Well, my conscience is bothering me a bit. You see, I cheated...
The very first day of the research, I noticed that many of the SEP links showing up in all of the search engine results were links hosted on "Dynamic DNS" hosts. So I told the K9 team, "Hey guys, if you just strip all DynDNS links out of your results, you'll remove a lot of SEP attacks, and you won't really be hurting your results, since there isn't a lot of high-quality content on most of those sites."
They took my advice, rolled out a quick update, and that's the one I used in all of the testing.

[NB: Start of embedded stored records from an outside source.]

lemma cmul_gam5_apply: "(x \<diamondop> gam5) C = blade_sign (symdiff UNIV C) UNIV * x (symdiff UNIV C)"
proof -
  have "(x \<diamondop> gam5) C = (\<Sum>A\<in>UNIV. if A = symdiff UNIV C then blade_sign A (symdiff A C) * x A else 0)"
    unfolding cmul_apply gam5_def by (intro sum.cong refl) (auto simp: symdiff_def)
  moreover have "symdiff (symdiff UNIV C) C = UNIV"
    by (auto simp: symdiff_def)
  ultimately show ?thesis by simp
qed

lemma gam5_commute_2form:
  assumes "is_2form x"
  shows "gam5 \<diamondop> x = x \<diamondop> gam5"
proof
  fix C
  show "(gam5 \<diamondop> x) C = (x \<diamondop> gam5) C"
  proof (cases "card (symdiff UNIV C) = 2")
    case True
    then show ?thesis
      unfolding gam5_cmul_apply cmul_gam5_apply blade_sign_UNIV_swap by simp
  next
    case False
    then show ?thesis
      using assms unfolding gam5_cmul_apply cmul_gam5_apply is_2form_def by simp
  qed
qed

lemma gam5_anticommute_gam: "gam5 \<diamondop> gam \<mu> = mv_scale (-1) (gam \<mu> \<diamondop> gam5)"
proof
  fix C
  show "(gam5 \<diamondop> gam \<mu>) C = mv_scale (-1) (gam \<mu> \<diamondop> gam5) C"
    unfolding gam5_cmul_apply cmul_gam5_apply mv_scale_def
    by (cases "symdiff UNIV C = {\<mu>}") (simp_all add: gam_def blade_sign_UNIV_swap)
qed

lemma gam5_square: "gam5 \<diamondop> gam5 = mv_scalar (-1)"
proof
  fix C
  have "(\<Prod>i\<in>UNIV. eta i) = eta 0 * (\<Prod>i\<in>UNIV - {0}. eta i)"
    by (rule prod.remove) auto
  also have "(\<Prod>i\<in>UNIV - {0}. eta i) = (\<Prod>i\<in>UNIV - {0::4}. -1)"
    by (rule prod.cong) (auto simp: eta_def)
  finally have "(\<Prod>i\<in>UNIV. eta i) = -1"
    by (simp add: card_Diff_singleton eta_def)
  moreover have "inversions (UNIV :: 4 set) UNIV = 6"
    using inversions_UNIV[of UNIV] by simp
  ultimately have "blade_sign UNIV UNIV = -1"
    unfolding blade_sign_eq by simp
  moreover have "symdiff UNIV C = UNIV \<longleftrightarrow> C = ({} :: 4 set)"
    by (auto simp: symdiff_def)
  ultimately show "(gam5 \<diamondop> gam5) C = mv_scalar (-1) C"
    unfolding gam5_cmul_apply by (auto simp: gam5_def mv_scalar_def)
qed

subsection \<open>The duality rotation \<open>e^(\<gamma>5 s)\<close>\<close>

lemma exp_g5_add: "exp_g5 s \<diamondop> exp_g5 t = exp_g5 (s + t)"
  unfolding exp_g5_def cmul_linear gam5_square
  by (rule ext) (simp add: mv_add_def mv_scale_def mv_scalar_def cos_add sin_add algebra_simps)

lemma exp_g5_zero: "exp_g5 0 = mv_scalar 1"
  by (rule ext) (simp add: exp_g5_def mv_add_def mv_scale_def mv_scalar_def)

lemma exp_g5_gam: "exp_g5 s \<diamondop> gam \<mu> = gam \<mu> \<diamondop> exp_g5 (- s)"
  unfolding exp_g5_def cmul_linear gam5_anticommute_gam
  by (rule ext) (simp add: mv_add_def mv_scale_def mv_scalar_def)

lemma exp_g5_commute_2form: "is_2form x \<Longrightarrow> exp_g5 s \<diamondop> x = x \<diamondop> exp_g5 s"
  unfolding exp_g5_def cmul_linear by (simp add: gam5_commute_2form)

lemma exp_g5_sandwich_gam:
  assumes "is_2form x"
  shows "(x \<diamondop> exp_g5 s) \<diamondop> gam \<mu> \<diamondop> (x \<diamondop> exp_g5 s) = x \<diamondop> gam \<mu> \<diamondop> x"
proof -
  have "(x \<diamondop> exp_g5 s) \<diamondop> gam \<mu> \<diamondop> (x \<diamondop> exp_g5 s) = x \<diamondop> gam \<mu> \<diamondop> (exp_g5 (- s) \<diamondop> x) \<diamondop> exp_g5 s"
    by (simp only: cmul_assoc exp_g5_gam)
  also have "\<dots> = x \<diamondop> gam \<mu> \<diamondop> x \<diamondop> exp_g5 (- s + s)"
    by (simp only: exp_g5_commute_2form[OF assms] cmul_assoc exp_g5_add)
  finally show ?thesis
    by (simp add: exp_g5_zero cmul_scalar_right)
qed

lemma cmul_gam5_exp_g5_eq_zero_iff: "x \<diamondop> (gam5 \<diamondop> exp_g5 s) = mv_zero \<longleftrightarrow> x = mv_zero"
proof -
  have "gam5 \<diamondop> exp_g5 s \<diamondop> (exp_g5 (- s) \<diamondop> mv_scale (-1) gam5)
      = mv_scale (-1) (gam5 \<diamondop> (exp_g5 s \<diamondop> exp_g5 (- s)) \<diamondop> gam5)"
    by (simp only: cmul_assoc cmul_scale_right)
  also have "\<dots> = mv_scalar 1"
    by (simp add: exp_g5_add exp_g5_zero cmul_scalar_right gam5_square)
      (simp add: mv_scale_def mv_scalar_def fun_eq_iff)
  finally have "x \<diamondop> (gam5 \<diamondop> exp_g5 s) \<diamondop> (exp_g5 (- s) \<diamondop> mv_scale (-1) gam5) = x"
    by (simp add: cmul_assoc cmul_scalar_right)
  then show ?thesis
    by (metis cmul_zero_left cmul_zero_right)
qed

lemma blade_sign_singletons:
  "blade_sign {\<mu>} {\<nu>} = (if \<mu> = \<nu> then eta \<mu> else if \<nu> < \<mu> then -1 else 1)"
proof -
  have "{(a, b). a \<in> {\<mu>} \<and> b \<in> {\<nu>} \<and> b < a} = (if \<nu> < \<mu> then {(\<mu>, \<nu>)} else {})"
    by auto
  then show ?thesis
    unfolding blade_sign_def by auto
qed

lemma gam_cmul_gam_apply:
  "(gam \<mu> \<diamondop> gam \<nu>) C = (if C = symdiff {\<mu>} {\<nu>} then blade_sign {\<mu>} {\<nu>} else 0)"
proof -
  have "(gam \<mu> \<diamondop> gam \<nu>) C = (\<Sum>A\<in>UNIV. if A = {\<mu>} then blade_sign A (symdiff A C) * gam \<nu> (symdiff A C) else 0)"
    unfolding cmul_apply by (intro sum.cong refl) (simp add: gam_def)
  also have "\<dots> = blade_sign {\<mu>} (symdiff {\<mu>} C) * gam \<nu> (symdiff {\<mu>} C)"
    by simp
  also have "\<dots> = (if C = symdiff {\<mu>} {\<nu>} then blade_sign {\<mu>} {\<nu>} else 0)"
    unfolding gam_def using symdiff_eq_iff[of "{\<mu>}" C "{\<nu>}"] by auto
  finally show ?thesis .
qed

lemma grad_cmul_apply: "(grad S x \<diamondop> y) C = (\<Sum>\<mu>\<in>UNIV. pd \<mu> S x * (gam \<mu> \<diamondop> y) C)"
proof -
  have "(grad S x \<diamondop> y) C = (\<Sum>A\<in>UNIV. \<Sum>\<mu>\<in>UNIV. pd \<mu> S x * (blade_sign A (symdiff A C) * gam \<mu> A * y (symdiff A C)))"
    unfolding cmul_apply grad_def by (simp add: sum_distrib_left sum_distrib_right mult_ac)
  also have "\<dots> = (\<Sum>\<mu>\<in>UNIV. \<Sum>A\<in>UNIV. pd \<mu> S x * (blade_sign A (symdiff A C) * gam \<mu> A * y (symdiff A C)))"
    by (rule sum.swap)
  finally show ?thesis
    unfolding cmul_apply by (simp add: sum_distrib_left)
qed

lemma cmul_grad_apply: "(y \<diamondop> grad S x) C = (\<Sum>\<nu>\<in>UNIV. pd \<nu> S x * (y \<diamondop> gam \<nu>) C)"
proof -
  have "(y \<diamondop> grad S x) C = (\<Sum>A\<in>UNIV. \<Sum>\<nu>\<in>UNIV. pd \<nu> S x * (blade_sign A (symdiff A C) * y A * gam \<nu> (symdiff A C)))"
    unfolding cmul_apply grad_def by (simp add: sum_distrib_left mult_ac)
  also have "\<dots> = (\<Sum>\<nu>\<in>UNIV. \<Sum>A\<in>UNIV. pd \<nu> S x * (blade_sign A (symdiff A C) * y A * gam \<nu> (symdiff A C)))"
    by (rule sum.swap)
  finally show ?thesis
    unfolding cmul_apply by (simp add: sum_distrib_left)
qed

text \<open>The off-diagonal terms cancel in pairs since \<open>\<gamma>\<mu> \<gamma>\<nu> = -\<gamma>\<nu> \<gamma>\<mu>\<close> for \<open>\<mu> \<noteq> \<nu>\<close>.\<close>

lemma grad_square: "grad S x \<diamondop> grad S x = mv_scalar (\<Sum>\<mu>\<in>UNIV. eta \<mu> * (pd \<mu> S x)\<^sup>2)"
proof
  fix C
  let ?p = "\<lambda>\<mu>. pd \<mu> S x"
  let ?f = "\<lambda>\<mu> \<nu>. ?p \<mu> * ?p \<nu> * (if C = symdiff {\<mu>} {\<nu>} then blade_sign {\<mu>} {\<nu>} else 0)"
  have "(grad S x \<diamondop> grad S x) C = (\<Sum>\<mu>\<in>UNIV. \<Sum>\<nu>\<in>UNIV. ?p \<mu> * ?p \<nu> * (gam \<mu> \<diamondop> gam \<nu>) C)"
    unfolding grad_cmul_apply by (simp add: cmul_grad_apply sum_distrib_left mult_ac)
  then have expand: "(grad S x \<diamondop> grad S x) C = (\<Sum>\<mu>\<in>UNIV. \<Sum>\<nu>\<in>UNIV. ?f \<mu> \<nu>)"
    unfolding gam_cmul_gam_apply .
  show "(grad S x \<diamondop> grad S x) C = mv_scalar (\<Sum>\<mu>\<in>UNIV. eta \<mu> * (pd \<mu> S x)\<^sup>2) C"
  proof (cases "C = {}")
    case True
    have "(\<Sum>\<mu>\<in>UNIV. \<Sum>\<nu>\<in>UNIV. ?f \<mu> \<nu>) = (\<Sum>\<mu>\<in>UNIV. \<Sum>\<nu>\<in>UNIV. if \<nu> = \<mu> then ?p \<mu> * ?p \<nu> * eta \<mu> else 0)"
      using True by (intro sum.cong refl) (auto simp: symdiff_def blade_sign_singletons)
    then show ?thesis
      using expand True by (simp add: mv_scalar_def power2_eq_square mult_ac)
  next
    case False
    have antisymmetric: "?f \<nu> \<mu> = - ?f \<mu> \<nu>" for \<mu> \<nu>
    proof (cases "\<mu> = \<nu>")
      case True
      with \<open>C \<noteq> {}\<close> show ?thesis by simp
    next
      case False
      then have "blade_sign {\<nu>} {\<mu>} = - blade_sign {\<mu>} {\<nu>}"
        by (auto simp: blade_sign_singletons neq_iff)
      then show ?thesis
        by (simp add: symdiff_commute[of "{\<nu>}"])
    qed
    have "(\<Sum>\<mu>\<in>UNIV. \<Sum>\<nu>\<in>UNIV. ?f \<mu> \<nu>) = (\<Sum>\<nu>\<in>UNIV. \<Sum>\<mu>\<in>UNIV. - ?f \<nu> \<mu>)"
      by (subst sum.swap) (intro sum.cong refl antisymmetric)
    then have "(\<Sum>\<mu>\<in>UNIV. \<Sum>\<nu>\<in>UNIV. ?f \<mu> \<nu>) = 0"
      by (simp only: sum_negf)
    then show ?thesis
      using expand False by (simp add: mv_scalar_def)
  qed
qed

lemma mv_dot_grad_grad: "mv_dot (grad S x) (grad S x) = mv_scalar (\<Sum>\<mu>\<in>UNIV. eta \<mu> * (pd \<mu> S x)\<^sup>2)"
  unfolding mv_dot_def grad_square by (auto simp: mv_scale_def mv_add_def mv_scalar_def)

lemma grad_null_of_annihilates:
  assumes "grad S x \<diamondop> y = mv_zero" and "y \<noteq> mv_zero"
  shows "mv_dot (grad S x) (grad S x) = mv_zero"
proof -
  have "mv_scale (\<Sum>\<mu>\<in>UNIV. eta \<mu> * (pd \<mu> S x)\<^sup>2) y = grad S x \<diamondop> (grad S x \<diamondop> y)"
    by (simp only: cmul_assoc[symmetric] grad_square cmul_scalar_left)
  with assms have "(\<Sum>\<mu>\<in>UNIV. eta \<mu> * (pd \<mu> S x)\<^sup>2) = 0"
    by (simp add: mv_scale_eq_zero_iff)
  then show ?thesis
    by (simp add: mv_dot_grad_grad mv_scalar_def mv_zero_def)
qed

subsection \<open>The Dirac operator on \<open>F\<^sub>0 e^(\<gamma>5 S)\<close>\<close>

lemma pd_cos_sin_comp:
  assumes "S differentiable (at x)"
  shows "pd \<mu> (\<lambda>y. cos (S y) * a + sin (S y) * b) x = (- sin (S x) * a + cos (S x) * b) * pd \<mu> S x"
proof -
  define h where "h t = S (x + t *\<^sub>R axis \<mu> 1)" for t :: real
  have "(\<lambda>t::real. x + t *\<^sub>R axis \<mu> (1::real)) differentiable (at 0)"
    by (intro derivative_intros)
  then have "(S \<circ> (\<lambda>t::real. x + t *\<^sub>R axis \<mu> 1)) differentiable (at 0)"
    by (rule differentiable_chain_at) (simp add: assms)
  then have "h differentiable (at 0)"
    by (simp add: h_def[abs_def] o_def)
  then have "(h has_real_derivative deriv h 0) (at 0)"
    using DERIV_deriv_iff_real_differentiable by blast
  then have "((\<lambda>t. cos (h t) * a + sin (h t) * b) has_real_derivative
      (- sin (h 0) * a + cos (h 0) * b) * deriv h 0) (at 0)"
    by (auto intro!: derivative_eq_intros simp: algebra_simps)
  then show ?thesis
    unfolding pd_def h_def by (simp add: DERIV_imp_deriv)
qed

lemma dirac_cmul_exp_g5:
  assumes "S differentiable (at x)"
  shows "dirac (\<lambda>y. F0 \<diamondop> exp_g5 (S y)) x = grad S x \<diamondop> F0 \<diamondop> (gam5 \<diamondop> exp_g5 (S x))"
proof -
  have exp_expand: "F0 \<diamondop> exp_g5 s = (\<lambda>A. cos s * F0 A + sin s * (F0 \<diamondop> gam5) A)" for s
    unfolding exp_g5_def cmul_linear by (simp add: mv_add_def mv_scale_def)
  have "F0 \<diamondop> (gam5 \<diamondop> exp_g5 s) = (\<lambda>A. - sin s * F0 A + cos s * (F0 \<diamondop> gam5) A)" for s
    unfolding exp_g5_def cmul_linear gam5_square by (simp add: mv_add_def mv_scale_def)
  then have "(\<lambda>A. pd \<mu> (\<lambda>y. (F0 \<diamondop> exp_g5 (S y)) A) x)
      = mv_scale (pd \<mu> S x) (F0 \<diamondop> (gam5 \<diamondop> exp_g5 (S x)))" for \<mu>
    unfolding exp_expand pd_cos_sin_comp[OF assms] by (simp add: mv_scale_def mult_ac)
  then have "dirac (\<lambda>y. F0 \<diamondop> exp_g5 (S y)) x
      = (\<lambda>C. \<Sum>\<mu>\<in>UNIV. (gam \<mu> \<diamondop> mv_scale (pd \<mu> S x) (F0 \<diamondop> (gam5 \<diamondop> exp_g5 (S x)))) C)"
    unfolding dirac_def by simp
  also have "\<dots> = grad S x \<diamondop> (F0 \<diamondop> (gam5 \<diamondop> exp_g5 (S x)))"
    unfolding cmul_scale_right fun_eq_iff grad_cmul_apply by (simp add: mv_scale_def)
  finally show ?thesis
    by (simp only: cmul_assoc)
qed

So, sorry about cheating, but since I publicly announced at RSA what we had done (in case anyone from Google or Microsoft was in the audience), and I'm publicly disclosing it here as a recommendation for them to consider, I think we're square.
SUMMARY / OBSERVATIONS:
- Bing/Yahoo has caught up with Google. I consider them to be "equivalently safe". (Blekko also seemed to be a solid choice, although I hadn't remembered it in time to include it in testing from the beginning.)
- Baidu and Yandex, on the other hand, have not caught up. They consistently allow a higher number of SEP links to show up in their pages.
- Curiously, Google's own Chinese and Russian versions did slightly (but consistently) worse than the English version.
- Non-English SEP attacks consistently placed a higher number of SEP links in the Top 10 results than English SEP attacks.
(Considering all those points together, it's pretty clear that the algorithms used to filter out malicious/suspicious pages are simply more mature and effective for English language content.)
- "Shady content" searches (pirated software, porn star) did not return higher numbers of SEP links than "safe content" searches. In fact, the opposite was true.
(Note: The numbers marked with an asterisk for the "windows 7 ultimate download" search indicate that I was not counting "hacking/warez" type sites in the results as SEP-type links. You expect to get those kinds of sites in such a search. Non-zero results on this search are for actual malicious/suspicious SEP-type links. However, Bing's "1*" result in the [porn star name] search was more of a porn site than an SEP site; I decided to count it as a failure since the "safe search" flag was on, and no porn sites should have shown up.)
- The tilde-flagged numbers on the "panera bread prices" search were "borderline" SEP links: probably not malicious, but more "junk" types of sites.
THE NEXT QUESTION(S):
As mentioned, the question of "who's the safest search engine?" was the original research focus in this project. However, long before I completed the testing for the 100-200 samples I was planning to look at in detail, the above Observations were becoming pretty obvious, and I was losing enthusiasm at the prospect of so much remaining "busy work". Fortunately, a number of other interesting questions were being suggested by the data, so the scope of the research expanded a bit. These other questions will be covered in the next blog posts.